Thanks...current instructors (should) and future students (will) appreciate it!
 

E_Dawg

Moderator
Wow awesome post!!!! I can't wait to see what people have to say....

Here are three things that I took mental notes of during my training about what or what not to do as a CFI:

-CFIs who can't wait to jump out of the plane after shutting down. They probably don't mean to, but it puts unspoken pressure on the student to 'hurry up and get out of here' when time should be spent on shutdown and securing.

-Postflight briefings! I don't care what time it is or how long the flight was... and CFIs have every right to charge for what is done after the flight is over. I'd rather pay more and get some feedback than 'cut costs' without knowing how I did (which ironically increases costs in the end).

-I was my first instructor's first student (.....). That guy hardly said anything, I practically had to beat him with a stick to et some feedback. Too bad I had nothing to compare it to and didn't know the difference....
 

arizonaflyer

New Member
When doing pattern work, do full stops if anything needs to be re-explained. To much going on during t&g's to pay attention to the plane and instructor.
Plus a nice break just to be able to focus for a min is always good.

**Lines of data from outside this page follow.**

lemma steers_if_endpoint_eq:
  assumes "smooth_control T v1" and "smooth_control T v2"
    and "X0 = G4_mat (a$0) (a$1) (a$2) (a$3)" and "Xf = sol a u1 u2 T"
    and "endpoint a v1 v2 T = endpoint a u1 u2 T"
  shows "steers T X0 Xf v1 v2"
  unfolding steers_def
proof (intro conjI exI[of _ "sol a v1 v2"])
  show "trajectory T v1 v2 (sol a v1 v2)"
    using assms(1,2) by (simp add: trajectory_sol smooth_control_imp_continuous_on)
  show "sol a v1 v2 T = Xf"
    using sol_eq_if_endpoint_eq[OF assms(5)] assms(4) by simp
qed (use assms in \<open>simp_all add: sol_def\<close>)

theorem proposition5p1:
  fixes c1 c2 tf :: real and X0 Xf :: "real^4^4" and u1 u2 :: "real \<Rightarrow> real"
  assumes "c1 > 0" and "c2 > 0" and "tf > 0"
    and "X0 \<in> G4" and "Xf \<in> G4"
    and "steers tf X0 Xf u1 u2"
    and "\<forall>v1 v2. steers tf X0 Xf v1 v2 \<longrightarrow> cost c1 c2 tf u1 u2 \<le> cost c1 c2 tf v1 v2"
  shows "\<exists>z1 z2 z3 z4 :: real \<Rightarrow> real. \<forall>t\<in>{0..tf}.
           u1 t = z1 t / c1 \<and> u2 t = z2 t / c2 \<and>
           (z1 has_real_derivative (1 / c2 * z2 t * z3 t)) (at t within {0..tf}) \<and>
           (z2 has_real_derivative (- 1 / c1 * z1 t * z3 t)) (at t within {0..tf}) \<and>
           (z3 has_real_derivative (- 1 / c1 * z1 t * z4 t)) (at t within {0..tf}) \<and>
           (z4 has_real_derivative 0) (at t within {0..tf})"
proof -
  obtain X where su: "smooth_control tf u1" "smooth_control tf u2"
    and X: "trajectory tf u1 u2 X" "X 0 = X0" "X tf = Xf"
    using assms(6) unfolding steers_def by blast
  obtain x1 x2 x3 x4 where "X0 = G4_mat x1 x2 x3 x4"
    using assms(4) by (auto simp: G4_eq)
  then have "X0 = G4_mat (vec4 x1 x2 x3 x4 $ 0) (vec4 x1 x2 x3 x4 $ 1)
      (vec4 x1 x2 x3 x4 $ 2) (vec4 x1 x2 x3 x4 $ 3)"
    by simp
  then obtain a :: "real^4" where X0: "X0 = G4_mat (a$0) (a$1) (a$2) (a$3)"
    by blast
  have "Xf = sol a u1 u2 tf"
    using trajectory_eq_sol[OF smooth_control_imp_continuous_on[OF su(1)]
        smooth_control_imp_continuous_on[OF su(2)] X(1)] X(2,3) X0 assms(3) by simp
  then have "optimal c1 c2 tf a u1 u2"
    unfolding optimal_def using assms(7) steers_if_endpoint_eq[OF _ _ X0] by blast
  from extremal_if_optimal[OF assms(3,1,2) su this] show ?thesis
    unfolding extremal_def .
qed

end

I had a problem for a while remembering vfr mins, maybe constantly inquire as to what they are. That helped me.
 

Rodelu

Well-Known Member
Here they go...

- I can't stand when the instructor rides with his/her feet on the rudder pedals (especially when taxiing on the ground).
You are not only trying to turn a less than effective steerable nose gear, but in addition you have to overcome the dead weight of the instructor's leg!!!. There might be a reason (or requirement) for them to do this, I never asked about this, maybe an instructor can enlighten me on the subject.

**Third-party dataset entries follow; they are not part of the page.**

text \<open>Heine's contiguous relation, first for partial sums, where it telescopes.\<close>

lemma qgauss_partial_sums_contiguous:
  assumes A: "A \<noteq> 0" and B: "B \<noteq> 0" and x1: "1 - x \<noteq> 0" and xq: "\<And>n. 1 - x * q ^ n \<noteq> 0"
  shows "(1 - x / (A * B)) * (\<Sum>n<N. qgauss_term q A B x n)
      - (1 - x / A) * (1 - x / B) / (1 - x) * (\<Sum>n<N. qgauss_term q A B (x * q) n)
    = - qgauss_term q A B x N * (1 - q ^ N)"
proof (induction N)
  case (Suc N)
  define K where "K = (1 - x / A) * (1 - x / B) / (1 - x)"
  define t where "t = qgauss_term q A B x N"
  have "1 - q * q ^ N \<noteq> 0"
    using power_q_neq_1[OF q0 q1, of "Suc N"] by auto
  have "(1 - x / (A * B)) * (\<Sum>n<Suc N. qgauss_term q A B x n) - K * (\<Sum>n<Suc N. qgauss_term q A B (x * q) n)
     = ((1 - x / (A * B)) * (\<Sum>n<N. qgauss_term q A B x n) - K * (\<Sum>n<N. qgauss_term q A B (x * q) n))
       + (1 - x / (A * B)) * t - K * qgauss_term q A B (x * q) N"
    by (simp add: t_def algebra_simps)
  also have "\<dots> = - t * (1 - q ^ N) + (1 - x / (A * B)) * t - K * (t * (q ^ N * (1 - x) / (1 - x * q ^ N)))"
    using Suc.IH qgauss_term_shift[OF x1 xq[of N]] by (simp add: t_def K_def)
  also have "\<dots> = - (t * ((1 - A * q ^ N) * (1 - B * q ^ N) / ((1 - q * q ^ N) * (1 - x * q ^ N)) * (x / (A * B))))
      * (1 - q * q ^ N)"
    unfolding K_def by (rule qgauss_telescoping_step[OF x1 xq A B \<open>1 - q * q ^ N \<noteq> 0\<close>])
  also have "\<dots> = - qgauss_term q A B x (Suc N) * (1 - q ^ Suc N)"
    by (simp add: t_def qgauss_term_Suc)
  finally show ?case
    unfolding K_def .
qed simp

- The instructor showing up AT or LATER than the time for the lesson. I hate to be waiting, sitting on the airplane, sweating my b@lls off (FL), and having my "questions for the day" answered while taxying. Or what's worse, being told right there,(after asking one thing on the approach plate we were suppossed shoot), to go back inside to go over the approach plate because I wasn't prepared!!!##@@$$

There...I have a couple more, but they are sort of too specific.
I feel lighter now
 

Parabellum

New Member
I really wish instructors wouldn't chat with their other instructor/pilot buddies during a lesson when they should be doing preflight/postflight briefings, providing feedback etc. I mean, I'm fully aware that networking and socializing is one of the great things about instructing, but isn't there plenty of time to do that when you're NOT busy with a student? To me, that sort of thing is an indication that I may just be a commodity being used to rack up the Hobbs meter.

Where I work, they'll write you up if you spend too much time socializing with other workers instead of spending your time with customers.
 

E_Dawg

Moderator
[ QUOTE ]
Here they go...

- I can't stand when the instructor rides with his/her feet on the rudder pedals.

[/ QUOTE ]

Ahhhh! My instructor did that too.... I just thought it was really hard to push the pedals, then on solo I was like 'what the ...'.
 

MikeD

Administrator
Staff member
[ QUOTE ]
What can we, as CFI's (as a whole) do to serve you better?



[/ QUOTE ]

Not charge so much $$$. You guys are pilots, you make too much already!
 

ready2fly

Well-Known Member
Here's a couple for starters:

- Attitude, man attitude . Do NOT bark in the cockpit. You have something to say, some form of correction you need a student to make? Say it professionally. The LAST thing a student needs is someone barking commands or critism in his/her ears. The time for critism is on the ground... not the cockpit. The instructor I had for my PPL was great... until we started the IR training, then he turned into a complete a-hole in the cockpit. I didn't know what I was doing and he wasn't teaching me. Needless to say, it cost him one student and his employer a TRUCKLOAD of money as I took my $$ elsewhere.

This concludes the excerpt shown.